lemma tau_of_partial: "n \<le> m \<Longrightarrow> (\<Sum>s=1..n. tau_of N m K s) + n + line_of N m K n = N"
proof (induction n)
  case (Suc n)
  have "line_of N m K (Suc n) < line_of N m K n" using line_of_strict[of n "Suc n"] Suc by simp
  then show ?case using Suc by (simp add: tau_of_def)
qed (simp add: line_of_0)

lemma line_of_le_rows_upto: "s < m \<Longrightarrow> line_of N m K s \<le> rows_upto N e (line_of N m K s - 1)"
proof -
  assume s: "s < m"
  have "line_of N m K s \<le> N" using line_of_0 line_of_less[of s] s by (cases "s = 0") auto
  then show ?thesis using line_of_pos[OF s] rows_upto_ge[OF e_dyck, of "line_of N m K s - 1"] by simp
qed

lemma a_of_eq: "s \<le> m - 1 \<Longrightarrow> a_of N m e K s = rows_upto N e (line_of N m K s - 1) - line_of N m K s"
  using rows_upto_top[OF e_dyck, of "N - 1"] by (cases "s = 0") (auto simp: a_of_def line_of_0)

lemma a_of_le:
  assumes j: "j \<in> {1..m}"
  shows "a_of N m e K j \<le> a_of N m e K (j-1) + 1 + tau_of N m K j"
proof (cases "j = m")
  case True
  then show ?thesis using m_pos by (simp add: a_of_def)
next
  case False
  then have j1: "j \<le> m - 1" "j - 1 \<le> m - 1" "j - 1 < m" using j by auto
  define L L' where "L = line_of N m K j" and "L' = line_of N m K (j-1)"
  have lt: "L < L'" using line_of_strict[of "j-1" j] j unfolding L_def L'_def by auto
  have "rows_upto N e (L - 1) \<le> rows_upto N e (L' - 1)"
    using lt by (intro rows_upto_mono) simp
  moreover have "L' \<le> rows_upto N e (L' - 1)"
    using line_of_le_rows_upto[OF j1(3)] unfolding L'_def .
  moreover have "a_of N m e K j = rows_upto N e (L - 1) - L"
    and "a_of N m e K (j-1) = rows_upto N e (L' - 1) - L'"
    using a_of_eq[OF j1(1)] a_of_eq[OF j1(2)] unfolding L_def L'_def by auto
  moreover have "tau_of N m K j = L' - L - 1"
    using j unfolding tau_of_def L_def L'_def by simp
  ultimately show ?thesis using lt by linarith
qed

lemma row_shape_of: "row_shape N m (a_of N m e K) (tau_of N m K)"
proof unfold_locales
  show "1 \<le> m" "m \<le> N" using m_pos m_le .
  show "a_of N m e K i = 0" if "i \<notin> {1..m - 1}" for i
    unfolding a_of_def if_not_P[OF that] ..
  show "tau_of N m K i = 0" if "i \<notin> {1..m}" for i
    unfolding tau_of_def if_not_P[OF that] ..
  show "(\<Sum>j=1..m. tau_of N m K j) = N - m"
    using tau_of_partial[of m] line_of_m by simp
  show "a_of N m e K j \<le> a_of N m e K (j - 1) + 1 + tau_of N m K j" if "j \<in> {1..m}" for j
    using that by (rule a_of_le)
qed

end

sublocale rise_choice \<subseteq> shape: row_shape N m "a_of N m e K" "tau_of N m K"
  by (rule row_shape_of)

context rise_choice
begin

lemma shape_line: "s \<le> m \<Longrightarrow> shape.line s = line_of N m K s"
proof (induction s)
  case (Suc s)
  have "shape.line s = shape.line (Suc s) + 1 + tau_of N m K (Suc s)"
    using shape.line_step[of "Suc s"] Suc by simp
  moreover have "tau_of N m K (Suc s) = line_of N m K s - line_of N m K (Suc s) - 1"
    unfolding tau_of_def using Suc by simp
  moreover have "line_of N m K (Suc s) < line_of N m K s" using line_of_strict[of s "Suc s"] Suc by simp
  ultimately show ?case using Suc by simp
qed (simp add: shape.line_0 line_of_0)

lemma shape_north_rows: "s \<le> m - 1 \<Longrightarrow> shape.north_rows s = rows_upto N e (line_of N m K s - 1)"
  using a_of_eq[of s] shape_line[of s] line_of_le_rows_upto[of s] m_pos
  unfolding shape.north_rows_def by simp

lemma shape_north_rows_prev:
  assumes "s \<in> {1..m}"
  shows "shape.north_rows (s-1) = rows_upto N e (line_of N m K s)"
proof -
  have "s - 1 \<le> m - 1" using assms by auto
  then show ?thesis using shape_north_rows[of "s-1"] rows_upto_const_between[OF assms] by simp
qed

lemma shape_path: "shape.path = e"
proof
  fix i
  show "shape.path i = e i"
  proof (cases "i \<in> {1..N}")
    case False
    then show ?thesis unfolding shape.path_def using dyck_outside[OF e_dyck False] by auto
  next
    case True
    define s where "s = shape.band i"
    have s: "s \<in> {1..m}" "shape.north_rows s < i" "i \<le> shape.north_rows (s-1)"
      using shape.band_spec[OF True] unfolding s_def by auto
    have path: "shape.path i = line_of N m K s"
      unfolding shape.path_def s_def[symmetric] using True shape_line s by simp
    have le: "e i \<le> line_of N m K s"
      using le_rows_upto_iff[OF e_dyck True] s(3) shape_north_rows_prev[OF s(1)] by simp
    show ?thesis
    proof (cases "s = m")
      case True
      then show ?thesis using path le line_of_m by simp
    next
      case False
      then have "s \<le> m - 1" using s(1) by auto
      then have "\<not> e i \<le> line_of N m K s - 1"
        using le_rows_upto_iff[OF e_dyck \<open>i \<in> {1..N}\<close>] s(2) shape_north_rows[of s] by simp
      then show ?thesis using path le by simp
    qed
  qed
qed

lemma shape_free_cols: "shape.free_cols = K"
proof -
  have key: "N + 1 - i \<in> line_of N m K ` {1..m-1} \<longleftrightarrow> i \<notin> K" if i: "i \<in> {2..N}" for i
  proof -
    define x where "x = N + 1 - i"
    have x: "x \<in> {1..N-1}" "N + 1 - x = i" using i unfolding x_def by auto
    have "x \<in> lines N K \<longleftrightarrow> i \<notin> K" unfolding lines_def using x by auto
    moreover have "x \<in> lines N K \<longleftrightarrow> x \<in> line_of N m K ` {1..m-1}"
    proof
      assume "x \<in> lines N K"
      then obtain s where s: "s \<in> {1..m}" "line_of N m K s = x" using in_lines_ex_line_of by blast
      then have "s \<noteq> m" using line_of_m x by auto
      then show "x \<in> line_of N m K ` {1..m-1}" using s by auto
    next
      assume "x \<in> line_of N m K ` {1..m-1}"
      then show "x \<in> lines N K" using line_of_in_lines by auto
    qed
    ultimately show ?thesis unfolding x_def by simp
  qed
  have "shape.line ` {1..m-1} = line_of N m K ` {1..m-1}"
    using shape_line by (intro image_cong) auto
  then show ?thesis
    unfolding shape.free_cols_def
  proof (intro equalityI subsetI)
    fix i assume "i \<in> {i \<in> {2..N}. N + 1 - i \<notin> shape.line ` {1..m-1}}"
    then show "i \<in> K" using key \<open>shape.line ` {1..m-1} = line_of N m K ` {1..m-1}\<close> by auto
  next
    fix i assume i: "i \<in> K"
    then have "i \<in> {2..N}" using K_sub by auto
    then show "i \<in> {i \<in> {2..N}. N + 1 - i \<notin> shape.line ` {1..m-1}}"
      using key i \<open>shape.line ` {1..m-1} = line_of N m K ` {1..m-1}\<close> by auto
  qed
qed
──────────────────────────────
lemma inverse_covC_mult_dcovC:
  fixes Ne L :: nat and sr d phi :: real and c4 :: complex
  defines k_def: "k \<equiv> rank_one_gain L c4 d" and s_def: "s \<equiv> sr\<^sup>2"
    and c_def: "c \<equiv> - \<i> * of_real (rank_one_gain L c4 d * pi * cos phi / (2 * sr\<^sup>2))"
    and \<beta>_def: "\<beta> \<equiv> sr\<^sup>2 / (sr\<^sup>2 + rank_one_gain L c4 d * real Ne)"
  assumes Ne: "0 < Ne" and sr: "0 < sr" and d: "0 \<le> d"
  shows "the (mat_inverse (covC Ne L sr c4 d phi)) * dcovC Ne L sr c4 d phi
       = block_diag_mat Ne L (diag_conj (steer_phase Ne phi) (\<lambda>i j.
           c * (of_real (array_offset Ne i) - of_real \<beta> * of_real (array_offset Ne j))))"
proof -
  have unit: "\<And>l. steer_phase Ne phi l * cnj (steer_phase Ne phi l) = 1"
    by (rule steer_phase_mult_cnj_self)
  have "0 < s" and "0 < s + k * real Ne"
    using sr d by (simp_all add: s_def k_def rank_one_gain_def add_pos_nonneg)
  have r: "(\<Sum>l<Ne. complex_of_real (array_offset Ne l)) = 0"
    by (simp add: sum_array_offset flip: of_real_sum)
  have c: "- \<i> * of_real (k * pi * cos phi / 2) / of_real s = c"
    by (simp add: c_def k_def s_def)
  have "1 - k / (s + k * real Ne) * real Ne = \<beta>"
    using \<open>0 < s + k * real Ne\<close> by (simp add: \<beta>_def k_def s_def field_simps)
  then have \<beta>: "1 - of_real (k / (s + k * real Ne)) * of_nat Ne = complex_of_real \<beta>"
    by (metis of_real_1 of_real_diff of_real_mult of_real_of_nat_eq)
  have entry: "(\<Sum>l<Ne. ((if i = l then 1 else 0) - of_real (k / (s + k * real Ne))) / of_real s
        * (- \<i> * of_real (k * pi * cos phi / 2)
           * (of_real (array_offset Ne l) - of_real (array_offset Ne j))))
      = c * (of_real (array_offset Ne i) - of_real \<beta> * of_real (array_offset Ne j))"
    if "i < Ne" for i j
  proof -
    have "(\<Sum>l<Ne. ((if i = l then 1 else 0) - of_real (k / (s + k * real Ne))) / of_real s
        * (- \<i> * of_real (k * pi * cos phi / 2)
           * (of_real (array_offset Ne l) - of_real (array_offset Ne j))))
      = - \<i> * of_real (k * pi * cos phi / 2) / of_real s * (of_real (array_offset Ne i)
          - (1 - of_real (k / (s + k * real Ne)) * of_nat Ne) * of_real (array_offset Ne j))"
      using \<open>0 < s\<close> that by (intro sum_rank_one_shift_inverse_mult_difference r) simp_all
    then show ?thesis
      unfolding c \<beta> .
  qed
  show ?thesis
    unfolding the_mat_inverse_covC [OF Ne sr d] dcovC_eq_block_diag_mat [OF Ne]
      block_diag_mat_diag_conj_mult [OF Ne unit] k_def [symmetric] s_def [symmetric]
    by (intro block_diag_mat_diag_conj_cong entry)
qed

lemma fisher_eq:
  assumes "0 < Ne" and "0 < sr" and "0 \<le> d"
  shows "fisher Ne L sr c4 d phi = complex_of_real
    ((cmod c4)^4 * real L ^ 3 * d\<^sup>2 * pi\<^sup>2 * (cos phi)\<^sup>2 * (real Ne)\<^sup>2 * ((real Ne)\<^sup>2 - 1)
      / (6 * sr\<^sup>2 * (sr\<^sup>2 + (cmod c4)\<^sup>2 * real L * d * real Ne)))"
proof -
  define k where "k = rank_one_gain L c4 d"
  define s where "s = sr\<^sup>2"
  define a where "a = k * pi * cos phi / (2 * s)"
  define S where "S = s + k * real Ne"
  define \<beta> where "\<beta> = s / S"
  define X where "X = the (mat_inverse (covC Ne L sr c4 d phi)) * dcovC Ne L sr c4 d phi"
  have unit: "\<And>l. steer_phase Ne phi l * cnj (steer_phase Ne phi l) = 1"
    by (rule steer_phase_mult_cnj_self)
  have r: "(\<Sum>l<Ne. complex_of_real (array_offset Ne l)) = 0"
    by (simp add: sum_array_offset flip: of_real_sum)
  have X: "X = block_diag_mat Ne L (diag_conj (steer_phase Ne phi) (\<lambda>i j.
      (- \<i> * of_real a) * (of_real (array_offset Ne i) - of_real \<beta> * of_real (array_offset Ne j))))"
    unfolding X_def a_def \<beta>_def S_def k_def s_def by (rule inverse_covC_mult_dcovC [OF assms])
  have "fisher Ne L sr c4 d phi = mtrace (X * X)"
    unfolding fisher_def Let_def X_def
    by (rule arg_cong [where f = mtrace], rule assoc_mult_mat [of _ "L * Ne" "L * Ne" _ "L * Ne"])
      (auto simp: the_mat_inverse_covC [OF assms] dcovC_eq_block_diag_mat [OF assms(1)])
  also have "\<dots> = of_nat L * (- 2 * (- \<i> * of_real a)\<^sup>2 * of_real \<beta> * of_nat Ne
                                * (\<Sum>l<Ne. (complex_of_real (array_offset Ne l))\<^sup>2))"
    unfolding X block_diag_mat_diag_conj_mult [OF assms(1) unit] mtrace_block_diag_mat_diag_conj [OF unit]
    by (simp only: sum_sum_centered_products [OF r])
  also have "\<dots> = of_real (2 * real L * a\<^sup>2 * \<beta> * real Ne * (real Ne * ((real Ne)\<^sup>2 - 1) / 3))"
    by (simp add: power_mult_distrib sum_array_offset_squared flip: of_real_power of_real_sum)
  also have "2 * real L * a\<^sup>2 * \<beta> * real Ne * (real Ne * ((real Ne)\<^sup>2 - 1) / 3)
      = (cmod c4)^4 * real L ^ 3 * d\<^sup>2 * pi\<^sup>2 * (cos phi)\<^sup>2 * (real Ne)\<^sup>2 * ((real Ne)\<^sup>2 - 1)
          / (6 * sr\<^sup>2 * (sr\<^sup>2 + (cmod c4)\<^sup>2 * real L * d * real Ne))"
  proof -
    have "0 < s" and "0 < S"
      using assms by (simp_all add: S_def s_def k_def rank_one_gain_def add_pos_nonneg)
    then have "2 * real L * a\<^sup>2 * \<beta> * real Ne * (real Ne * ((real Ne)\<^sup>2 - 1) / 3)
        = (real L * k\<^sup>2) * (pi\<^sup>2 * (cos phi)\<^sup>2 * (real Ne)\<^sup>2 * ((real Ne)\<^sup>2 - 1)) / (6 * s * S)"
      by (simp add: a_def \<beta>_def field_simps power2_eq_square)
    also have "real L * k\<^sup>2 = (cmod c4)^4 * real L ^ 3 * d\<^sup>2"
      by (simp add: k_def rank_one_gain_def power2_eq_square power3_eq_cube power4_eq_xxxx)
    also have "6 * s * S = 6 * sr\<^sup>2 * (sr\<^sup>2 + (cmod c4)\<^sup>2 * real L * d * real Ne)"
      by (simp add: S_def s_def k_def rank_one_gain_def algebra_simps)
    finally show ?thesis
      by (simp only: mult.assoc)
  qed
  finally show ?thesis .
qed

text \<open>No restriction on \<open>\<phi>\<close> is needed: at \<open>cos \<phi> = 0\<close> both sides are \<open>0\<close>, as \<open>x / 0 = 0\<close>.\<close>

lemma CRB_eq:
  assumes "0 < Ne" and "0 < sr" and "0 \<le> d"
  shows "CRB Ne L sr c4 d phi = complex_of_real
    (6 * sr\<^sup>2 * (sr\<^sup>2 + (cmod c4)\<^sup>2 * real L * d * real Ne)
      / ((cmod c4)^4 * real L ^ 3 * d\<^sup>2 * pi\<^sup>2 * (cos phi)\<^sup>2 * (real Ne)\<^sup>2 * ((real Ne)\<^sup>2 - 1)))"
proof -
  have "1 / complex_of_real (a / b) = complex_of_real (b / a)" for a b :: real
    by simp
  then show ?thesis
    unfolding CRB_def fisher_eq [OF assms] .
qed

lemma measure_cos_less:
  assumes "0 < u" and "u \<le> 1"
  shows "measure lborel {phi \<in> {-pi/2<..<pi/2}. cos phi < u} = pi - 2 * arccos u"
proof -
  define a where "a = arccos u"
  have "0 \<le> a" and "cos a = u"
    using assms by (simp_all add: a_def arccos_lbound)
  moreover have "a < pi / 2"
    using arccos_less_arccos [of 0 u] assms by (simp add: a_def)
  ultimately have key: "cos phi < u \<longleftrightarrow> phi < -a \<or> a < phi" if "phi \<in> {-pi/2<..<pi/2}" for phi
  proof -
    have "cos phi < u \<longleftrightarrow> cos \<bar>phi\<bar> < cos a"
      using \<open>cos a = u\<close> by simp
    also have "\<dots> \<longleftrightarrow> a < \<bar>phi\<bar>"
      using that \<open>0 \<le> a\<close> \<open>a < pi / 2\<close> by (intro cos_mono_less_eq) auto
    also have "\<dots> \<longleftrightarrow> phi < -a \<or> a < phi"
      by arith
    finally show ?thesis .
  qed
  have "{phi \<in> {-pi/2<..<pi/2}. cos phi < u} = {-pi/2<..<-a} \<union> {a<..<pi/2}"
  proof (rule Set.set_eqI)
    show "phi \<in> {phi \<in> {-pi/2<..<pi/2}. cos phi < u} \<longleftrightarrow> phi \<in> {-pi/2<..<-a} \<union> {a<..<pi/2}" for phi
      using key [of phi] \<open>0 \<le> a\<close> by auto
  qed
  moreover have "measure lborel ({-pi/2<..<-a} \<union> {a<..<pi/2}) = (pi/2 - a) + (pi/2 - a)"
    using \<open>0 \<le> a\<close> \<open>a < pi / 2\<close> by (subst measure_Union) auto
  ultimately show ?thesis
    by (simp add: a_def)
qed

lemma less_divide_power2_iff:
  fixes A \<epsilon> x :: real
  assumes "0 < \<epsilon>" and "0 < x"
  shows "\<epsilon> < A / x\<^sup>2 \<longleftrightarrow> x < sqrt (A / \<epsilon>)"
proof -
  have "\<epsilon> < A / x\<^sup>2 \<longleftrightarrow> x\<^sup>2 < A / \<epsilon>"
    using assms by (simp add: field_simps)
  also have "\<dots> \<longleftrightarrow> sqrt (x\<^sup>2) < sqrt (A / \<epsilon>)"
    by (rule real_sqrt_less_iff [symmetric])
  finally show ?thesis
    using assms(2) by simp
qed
──────────────────────────────
In the listing above, find the line containing "m \<Longrightarrow> (\<Sum>s=1..n." and the line containing "qed (simp add: line_of_0)". Output them and every line between, exactly, and nothing else.

lemma tau_of_partial: "n \<le> m \<Longrightarrow> (\<Sum>s=1..n. tau_of N m K s) + n + line_of N m K n = N"
proof (induction n)
  case (Suc n)
  have "line_of N m K (Suc n) < line_of N m K n" using line_of_strict[of n "Suc n"] Suc by simp
  then show ?case using Suc by (simp add: tau_of_def)
qed (simp add: line_of_0)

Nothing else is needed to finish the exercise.